Not one of our finer moments, OTOH, we didn't try to exterminate the Japanese (or German or Italian) internees.
"Uber Said To Use 'Sophisticated' Software To Defraud Drivers, Passengers"
Really now. You wouldn't expect a high tech company like Uber to use unsophisticated software to rip off its customers and employees ... ehrr .. independent contractors?
"Once the jet is in the air, they will turn off the jet engine, and turn on the battery motor to keep the plane up."
By flapping the wings?
Pilot? You think there's going to be a pilot?
Interesting. But let's not forget that Moore's law is about exponential growth of transistor density, not NOT exponential improvement in performance. The transistors are (I believe) being fruitful and multiplying as they have been for four decades. What, if anything, useful is done with them is another issue.
"a fast edit-test-debug cycle"
There is testing and debugging in the cycle? who knew? I thought the industry standard was "worked once-ship it -- we'll fix it in production"
Seriously, jetpacks and the like have a long history of leg and knee injuries. Dropping out of the sky with a heavy object strapped to your back will do that. This thing -- if it's not an April 1 joke -- probably just expands that problem to other extremities.
"There should be computer controlled engines"
Computer controlled engines -- with ads and a wi-fi connection to the web. No need to tell the advertisers that the customer will very shortly be buried or seriously incapacitated..
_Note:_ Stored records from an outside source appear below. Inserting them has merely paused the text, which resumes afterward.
lemma sum_boltzmann_bounded:
  assumes "b > 0"
  shows "\<exists>B. \<forall>F. finite F \<and> F \<subseteq> configs k \<longrightarrow> sum (boltzmann b) F \<le> B"
proof (induction k)
  case 0
  have "sum (boltzmann b) F \<le> 1" if "finite F" "F \<subseteq> configs 0" for F
  proof -
    have "sum (boltzmann b) F \<le> sum (boltzmann b) (configs 0)"
      using that by (intro sum_mono2) (auto simp: configs_0 boltzmann_def)
    then show ?thesis by (simp add: configs_0 boltzmann_def energy_def)
  qed
  then show ?case by blast
next
  case (Suc k)
  then obtain B where B: "\<And>G. finite G \<Longrightarrow> G \<subseteq> configs k \<Longrightarrow> sum (boltzmann b) G \<le> B"
    by blast
  have "B \<ge> 0" using B[of "{}"] by simp
  define e where "e = exp (- b * real (Suc k))"
  have e: "0 < e" "e < 1" using assms by (auto simp: e_def)
  have "sum (boltzmann b) F \<le> B / (1 - e)"
    if "finite F" "F \<subseteq> configs (Suc k)" "\<forall>n\<in>F. energy n < E" for E F
    \<comment> \<open>the raised part lies in \<open>configs (Suc k)\<close> again, but has smaller energies\<close>
    using that
  proof (induction E arbitrary: F)
    case 0
    then show ?case using \<open>B \<ge> 0\<close> e by simp
  next
    case (Suc E)
    define G where "G = add_ground -` F"
    define H where "H = raise_levels -` F"
    have H: "H \<subseteq> configs (Suc k)"
      using Suc.prems(2) raise_levels_in_configs by (auto simp: H_def)
    have "sum (boltzmann b) F = sum (boltzmann b) G + sum (boltzmann b \<circ> raise_levels) H"
      using sum_subset_configs_Suc[OF Suc.prems(1,2)] by (simp add: G_def H_def o_def boltzmann_add_ground)
    moreover have "sum (boltzmann b) G \<le> B"
    proof (rule B)
      show "finite G" using Suc.prems(1) inj_add_ground by (simp add: G_def finite_vimageI)
      show "G \<subseteq> configs k" using Suc.prems(2) add_ground_in_configs by (auto simp: G_def)
    qed
    moreover have "sum (boltzmann b \<circ> raise_levels) H = e * sum (boltzmann b) H"
      using H unfolding sum_distrib_left e_def by (auto simp: boltzmann_raise_levels intro!: sum.cong)
    moreover have "sum (boltzmann b) H \<le> B / (1 - e)"
    proof (rule Suc.IH)
      show "finite H" using Suc.prems(1) inj_raise_levels by (simp add: H_def finite_vimageI)
      show "H \<subseteq> configs (Suc k)" by (rule H)
      show "\<forall>n\<in>H. energy n < E"
        using Suc.prems(3) H energy_raise_levels by (force simp: H_def)
    qed
    ultimately have "sum (boltzmann b) F \<le> B + e * (B / (1 - e))"
      using e by (smt (verit) mult_left_mono)
    also have "\<dots> = B / (1 - e)"
      using e by (simp add: field_simps)
    finally show ?case .
  qed
  moreover have "\<forall>n\<in>F. energy n < Suc (sum energy F)" if "finite F" for F
    using that by (auto simp: less_Suc_eq_le intro: member_le_sum)
  ultimately show ?case by blast
qed

lemma boltzmann_summable_on_configs:
  assumes "b > 0"
  shows "boltzmann b summable_on configs k"
proof (rule nonneg_bdd_above_summable_on)
  show "0 \<le> boltzmann b n" for n
    by (simp add: boltzmann_def)
  obtain B where "\<forall>F. finite F \<and> F \<subseteq> configs k \<longrightarrow> sum (boltzmann b) F \<le> B"
    using sum_boltzmann_bounded[OF assms] by blast
  then show "bdd_above (sum (boltzmann b) ` {F. F \<subseteq> configs k \<and> finite F})"
    by (intro bdd_aboveI[of _ B]) auto
qed

lemma has_sum_part_fun:
  "b > 0 \<Longrightarrow> (boltzmann b has_sum part_fun k b) (configs k)"
  unfolding part_fun_eq_infsum by (rule has_sum_infsum[OF boltzmann_summable_on_configs])

lemma part_fun_0: "part_fun 0 b = 1"
  by (simp add: part_fun_def configs_0 energy_def)

lemma vimage_add_ground_configs: "add_ground -` configs (Suc k) = configs k"
  by (auto simp: add_ground_in_configs)

lemma vimage_raise_levels_configs: "raise_levels -` configs k = configs k"
  by (auto simp: raise_levels_in_configs)

lemma part_fun_Suc:
  assumes "b > 0"
  shows "part_fun k b = (1 - exp (- b * real (Suc k))) * part_fun (Suc k) b"
proof -
  have "(boltzmann b \<circ> add_ground has_sum part_fun k b) (add_ground -` configs (Suc k))"
    using has_sum_part_fun[OF assms, of k] by (simp add: o_def boltzmann_add_ground vimage_add_ground_configs)
  moreover have "(boltzmann b \<circ> raise_levels has_sum exp (- b * real (Suc k)) * part_fun (Suc k) b)
      (raise_levels -` configs (Suc k))"
    using has_sum_cmult_right[OF has_sum_part_fun[OF assms, of "Suc k"]]
    by (simp add: vimage_raise_levels_configs) (auto simp: boltzmann_raise_levels intro: has_sum_cong[THEN iffD1])
  ultimately have "(boltzmann b has_sum part_fun k b + exp (- b * real (Suc k)) * part_fun (Suc k) b)
      (configs (Suc k))"
    by (rule has_sum_subset_configs_Suc[OF order_refl])
  then have "part_fun (Suc k) b = part_fun k b + exp (- b * real (Suc k)) * part_fun (Suc k) b"
    using has_sum_part_fun[OF assms, of "Suc k"] has_sum_unique by blast
  then show ?thesis by (simp add: algebra_simps)
qed

lemma part_fun_pos:
  assumes "b > 0"
  shows "part_fun k b > 0"
proof (induction k)
  case (Suc k)
  have "0 < 1 - exp (- b * real (Suc k))"
    using assms by simp
  then show ?case
    using Suc part_fun_Suc[OF assms, of k] zero_less_mult_pos by metis
qed (simp add: part_fun_0)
It's no crazier than any other IOT device.
"In the event of an unavoidable crash the control is RELEASED to you"
So, your Belchfire 5000 gets itself stuck on railroad tracks with a freight train barreling toward you at 100kph ... and it turns control over to you.
This will come to be known as the "Hasta la vista, Baby" patent
Good questions. Based on prior experience, the answers are:
1,. YES, you can use this vulnerability to brick a TV
2. YES, the manufacturer is legally liable
3. NO, the manufacturers will not have to take security seriously. There is no force in the known universe capable of forcing a typical IOT vendor to take security seriously.
You got my vote, mate.
"When I can manufacture in China where I don't have to pay for air scrubbers or sewage treatment"
My understanding is that Chinese laws require most of that hardware. In the US you have to pay to keep it running. In China, not so much, but you have to pay the local officials to let you not fix it. At least that's what I've been led to believe.
Correct me if I'm wrong, but didn't Sears shut down their catalog business in the early 1990s. I recall thinking at the time that walking away from a captive audience of 8 or 10 million rural customers who didn't really want to treck beyond the local small town general store, garage, movie theatre, and bar to shop was weird. What sort of business walks away from 8 or 10 million customers?
"it makes less sense to locate manufacturing thousands of miles over an ocean from the market, and I imagine what will eventually happen is a good deal of manufacturing happening closer to major markets to bring down distribution costs, but you're not really going to see any significant increase in jobs."
Exactly. There may be some shipping, receiving, and shlepping jobs created as manufacturers and parts suppliers move back onshore. And some robot maintenance and repair jobs. But the days when protective tariffs protected jobs as well as profits are likely pretty much over. If buying, setting up and fixing robots costs less than the fully burdened cost of an employee, the jobs are going to go to the bots. And robots are very unlikely to engage in annoying practices like walking picket lines.
There may be countries that will adapt to this brave new world with minimal disruption. I somehow don't think the US is going to be one of them.